Directions: From the entries that follow, copy every line with the word "rule".

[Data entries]
lemma rk_expect_Suc:
  fixes A :: "real^'n^'m"
  assumes "\<And>i s s'. (\<forall>j<k. s j = s' j) \<Longrightarrow> G i s = G i s'"
  shows "rk_expect A (Suc k) (\<lambda>s. G (s k) s)
       = rk_expect A k (\<lambda>s. \<Sum>i\<in>UNIV. (norm (A$i))\<^sup>2 / frob_sq A * G i s)"
proof -
  have "(\<Prod>j<Suc k. (norm (A $ ((s(k:=i)) j)))\<^sup>2 / frob_sq A) * G ((s(k:=i)) k) (s(k:=i))
     = (\<Prod>j<k. (norm (A $ (s j)))\<^sup>2 / frob_sq A) * ((norm (A$i))\<^sup>2 / frob_sq A * G i s)" for s i
  proof -
    have "G i (s(k:=i)) = G i s" by (rule assms) simp
    moreover have "(\<Prod>j<k. (norm (A $ ((s(k:=i)) j)))\<^sup>2 / frob_sq A)
                 = (\<Prod>j<k. (norm (A $ (s j)))\<^sup>2 / frob_sq A)"
      by (rule prod.cong) auto
    ultimately show ?thesis by (simp add: prod.lessThan_Suc)
  qed
  then show ?thesis
    unfolding rk_expect_def sum_PiE_lessThan_Suc
    by (intro sum.cong refl) (simp only: sum_distrib_left)
qed

lemma frob_sq_pos:
  fixes A :: "real^'n^'m"
  assumes "A $ i \<noteq> 0"
  shows "0 < frob_sq A"
proof -
  have "0 < (norm (A $ i))\<^sup>2" using assms by simp
  also have "\<dots> \<le> frob_sq A" unfolding frob_sq_def by (rule member_le_sum) auto
  finally show ?thesis .
qed

lemma sum_row_weights:
  fixes A :: "real^'n^'m"
  assumes "frob_sq A \<noteq> 0"
  shows "(\<Sum>i\<in>UNIV. (norm (A$i))\<^sup>2 / frob_sq A) = 1"
  using assms by (simp add: frob_sq_def sum_divide_distrib[symmetric])

lemma rk_expect_Suc_prefix:
  fixes A :: "real^'n^'m"
  assumes "frob_sq A \<noteq> 0" and "\<And>s s'. (\<forall>j<k. s j = s' j) \<Longrightarrow> g s = g s'"
  shows "rk_expect A (Suc k) g = rk_expect A k g"
proof -
  have "rk_expect A (Suc k) (\<lambda>s. (\<lambda>i. g) (s k) s)
      = rk_expect A k (\<lambda>s. \<Sum>i\<in>UNIV. (norm (A$i))\<^sup>2 / frob_sq A * g s)"
    using assms(2) by (rule rk_expect_Suc)
  also have "(\<lambda>s. \<Sum>i\<in>UNIV. (norm (A$i))\<^sup>2 / frob_sq A * g s) = g"
    by (simp only: sum_distrib_right[symmetric] sum_row_weights[OF assms(1)] mult_1)
  finally show ?thesis by simp
qed

lemma rk_expect_linear:
  "rk_expect A k (\<lambda>s. a * f s + c * g s) = a * rk_expect A k f + c * rk_expect A k g"
  by (simp add: rk_expect_def sum.distrib sum_distrib_left algebra_simps)

lemma rk_expect_diff:
  "rk_expect A k (\<lambda>s. f s - g s) = rk_expect A k f - rk_expect A k g"
  by (simp add: rk_expect_def sum_subtractf algebra_simps)

lemma sum_inner_rows:
  fixes A :: "real^'n^'m"
  shows "(\<Sum>i\<in>UNIV. (z \<bullet> A$i) * (A$i \<bullet> v)) = z \<bullet> ((transpose A ** A) *v v)"
proof -
  have "(transpose A ** A) *v v = transpose A *v (A *v v)"
    by (simp add: matrix_vector_mul_assoc)
  then show ?thesis
    by (simp add: matrix_vector_mul_component inner_vec_def transpose_def matrix_vector_mult_def
        sum_distrib_left sum_distrib_right mult_ac) (rule sum.swap)
qed

lemma sum_weighted_projection_eigenvector:
  fixes A :: "real^'n^'m"
  assumes "\<forall>i. A $ i \<noteq> 0" and "(transpose A ** A) *v v = \<sigma>2 *\<^sub>R v"
  shows "(\<Sum>i\<in>UNIV. (norm (A$i))\<^sup>2 / frob_sq A * (z \<bullet> v - (z \<bullet> A$i) * (A$i \<bullet> v) / (norm (A$i))\<^sup>2))
       = (1 - \<sigma>2 / frob_sq A) * (z \<bullet> v)"
proof -
  have F: "frob_sq A \<noteq> 0" using frob_sq_pos assms(1) by (metis less_irrefl)
  have "(norm (A$i))\<^sup>2 / frob_sq A * (z \<bullet> v - (z \<bullet> A$i) * (A$i \<bullet> v) / (norm (A$i))\<^sup>2)
      = (norm (A$i))\<^sup>2 / frob_sq A * (z \<bullet> v) - (z \<bullet> A$i) * (A$i \<bullet> v) / frob_sq A" for i
  proof -
    have "norm (A$i) \<noteq> 0" using assms(1) by simp
    with F show ?thesis by (simp add: field_simps)
  qed
  then have "(\<Sum>i\<in>UNIV. (norm (A$i))\<^sup>2 / frob_sq A * (z \<bullet> v - (z \<bullet> A$i) * (A$i \<bullet> v) / (norm (A$i))\<^sup>2))
      = (\<Sum>i\<in>UNIV. (norm (A$i))\<^sup>2 / frob_sq A) * (z \<bullet> v)
        - (\<Sum>i\<in>UNIV. (z \<bullet> A$i) * (A$i \<bullet> v)) / frob_sq A"
    by (simp add: sum_subtractf sum_distrib_right sum_divide_distrib)
  also have "\<dots> = (1 - \<sigma>2 / frob_sq A) * (z \<bullet> v)"
    by (simp add: sum_row_weights[OF F] sum_inner_rows assms(2) algebra_simps)
  finally show ?thesis .
qed

definition rk_mean_error :: "real^'n^'m \<Rightarrow> real \<Rightarrow> real \<Rightarrow> real^'n \<Rightarrow> real^'n \<Rightarrow> real^'n \<Rightarrow> nat \<Rightarrow> real"
  where "rk_mean_error A M \<beta> x0 x v k =
    rk_expect A k (\<lambda>s. (fst (rk_mom A (A *v x) M \<beta> x0 s k) - x) \<bullet> v)"

definition rk_mean_momentum :: "real^'n^'m \<Rightarrow> real \<Rightarrow> real \<Rightarrow> real^'n \<Rightarrow> real^'n \<Rightarrow> real^'n \<Rightarrow> nat \<Rightarrow> real"
  where "rk_mean_momentum A M \<beta> x0 x v k =
    rk_expect A k (\<lambda>s. snd (rk_mom A (A *v x) M \<beta> x0 s k) \<bullet> v)"

lemma rk_mean_error_Suc:
  fixes A :: "real^'n^'m"
  assumes "\<forall>i. A $ i \<noteq> 0" and "(transpose A ** A) *v v = \<sigma>2 *\<^sub>R v"
  shows "rk_mean_error A M \<beta> x0 x v (Suc k)
       = (1 - \<sigma>2 / frob_sq A) * rk_mean_error A M \<beta> x0 x v k + M * rk_mean_momentum A M \<beta> x0 x v k"
proof -
  define X where "X s = fst (rk_mom A (A *v x) M \<beta> x0 s k)" for s
  define Y where "Y s = snd (rk_mom A (A *v x) M \<beta> x0 s k)" for s
  define G where "G i s = (X s - x) \<bullet> v - ((X s - x) \<bullet> A$i) * (A$i \<bullet> v) / (norm (A$i))\<^sup>2
    + M * (Y s \<bullet> v)" for i s
  have F: "frob_sq A \<noteq> 0" using frob_sq_pos assms(1) by (metis less_irrefl)
  have step: "(fst (rk_mom A (A *v x) M \<beta> x0 s (Suc k)) - x) \<bullet> v = G (s k) s" for s
  proof -
    have "(A *v x) $ (s k) - X s \<bullet> A $ (s k) = - ((X s - x) \<bullet> A $ (s k))"
      by (simp add: matrix_vector_mul_component inner_diff_left inner_diff_right inner_commute)
    then show ?thesis
      by (simp add: G_def X_def Y_def Let_def inner_add_left inner_diff_left algebra_simps
          add_divide_distrib[symmetric])
  qed
  have "rk_mean_error A M \<beta> x0 x v (Suc k) = rk_expect A (Suc k) (\<lambda>s. G (s k) s)"
    unfolding rk_mean_error_def step ..
  also have "\<dots> = rk_expect A k (\<lambda>s. \<Sum>i\<in>UNIV. (norm (A$i))\<^sup>2 / frob_sq A * G i s)"
  proof (rule rk_expect_Suc)
    fix i and s s' :: "nat \<Rightarrow> 'm"
    assume "\<forall>j<k. s j = s' j"
    then have "rk_mom A (A *v x) M \<beta> x0 s k = rk_mom A (A *v x) M \<beta> x0 s' k"
      by (rule rk_mom_cong_prefix)
    then show "G i s = G i s'" by (simp add: G_def X_def Y_def)
  qed
  also have "\<dots> = rk_expect A k (\<lambda>s. (1 - \<sigma>2 / frob_sq A) * ((X s - x) \<bullet> v) + M * (Y s \<bullet> v))"
    unfolding G_def distrib_left sum.distrib sum_distrib_right[symmetric]
      sum_weighted_projection_eigenvector[OF assms] sum_row_weights[OF F] mult_1 ..
  also have "\<dots> = (1 - \<sigma>2 / frob_sq A) * rk_mean_error A M \<beta> x0 x v k + M * rk_mean_momentum A M \<beta> x0 x v k"
    unfolding rk_expect_linear rk_mean_error_def rk_mean_momentum_def X_def Y_def ..
  finally show ?thesis .
qed

lemma rk_mean_momentum_Suc:
  fixes A :: "real^'n^'m"
  assumes "frob_sq A \<noteq> 0"
  shows "rk_mean_momentum A M \<beta> x0 x v (Suc k) = \<beta> * rk_mean_momentum A M \<beta> x0 x v k
       + (1 - \<beta>) * (rk_mean_error A M \<beta> x0 x v (Suc k) - rk_mean_error A M \<beta> x0 x v k)"
proof -
  define X where "X s j = fst (rk_mom A (A *v x) M \<beta> x0 s j)" for s j
  define Y where "Y s j = snd (rk_mom A (A *v x) M \<beta> x0 s j)" for s j
  have "rk_mean_momentum A M \<beta> x0 x v (Suc k) = rk_expect A (Suc k)
      (\<lambda>s. \<beta> * (Y s k \<bullet> v) + (1 - \<beta>) * ((X s (Suc k) - x) \<bullet> v - (X s k - x) \<bullet> v))"
    by (simp add: rk_mean_momentum_def X_def Y_def Let_def inner_add_left inner_diff_left)
  also have "\<dots> = \<beta> * rk_expect A (Suc k) (\<lambda>s. Y s k \<bullet> v)
      + (1 - \<beta>) * (rk_expect A (Suc k) (\<lambda>s. (X s (Suc k) - x) \<bullet> v) - rk_expect A (Suc k) (\<lambda>s. (X s k - x) \<bullet> v))"
    unfolding rk_expect_linear rk_expect_diff ..
  also have "rk_expect A (Suc k) (\<lambda>s. Y s k \<bullet> v) = rk_mean_momentum A M \<beta> x0 x v k"
    unfolding rk_mean_momentum_def Y_def
    by (rule rk_expect_Suc_prefix[OF assms]) (metis rk_mom_cong_prefix)
  also have "rk_expect A (Suc k) (\<lambda>s. (X s k - x) \<bullet> v) = rk_mean_error A M \<beta> x0 x v k"
    unfolding rk_mean_error_def X_def
    by (rule rk_expect_Suc_prefix[OF assms]) (metis rk_mom_cong_prefix)
  finally show ?thesis
    unfolding rk_mean_error_def X_def .
qed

Task answer:
    have "G i (s(k:=i)) = G i s" by (rule assms) simp
      by (rule prod.cong) auto
  also have "\<dots> \<le> frob_sq A" unfolding frob_sq_def by (rule member_le_sum) auto
    using assms(2) by (rule rk_expect_Suc)
        sum_distrib_left sum_distrib_right mult_ac) (rule sum.swap)
  proof (rule rk_expect_Suc)
      by (rule rk_mom_cong_prefix)
    by (rule rk_expect_Suc_prefix[OF assms]) (metis rk_mom_cong_prefix)
    by (rule rk_expect_Suc_prefix[OF assms]) (metis rk_mom_cong_prefix)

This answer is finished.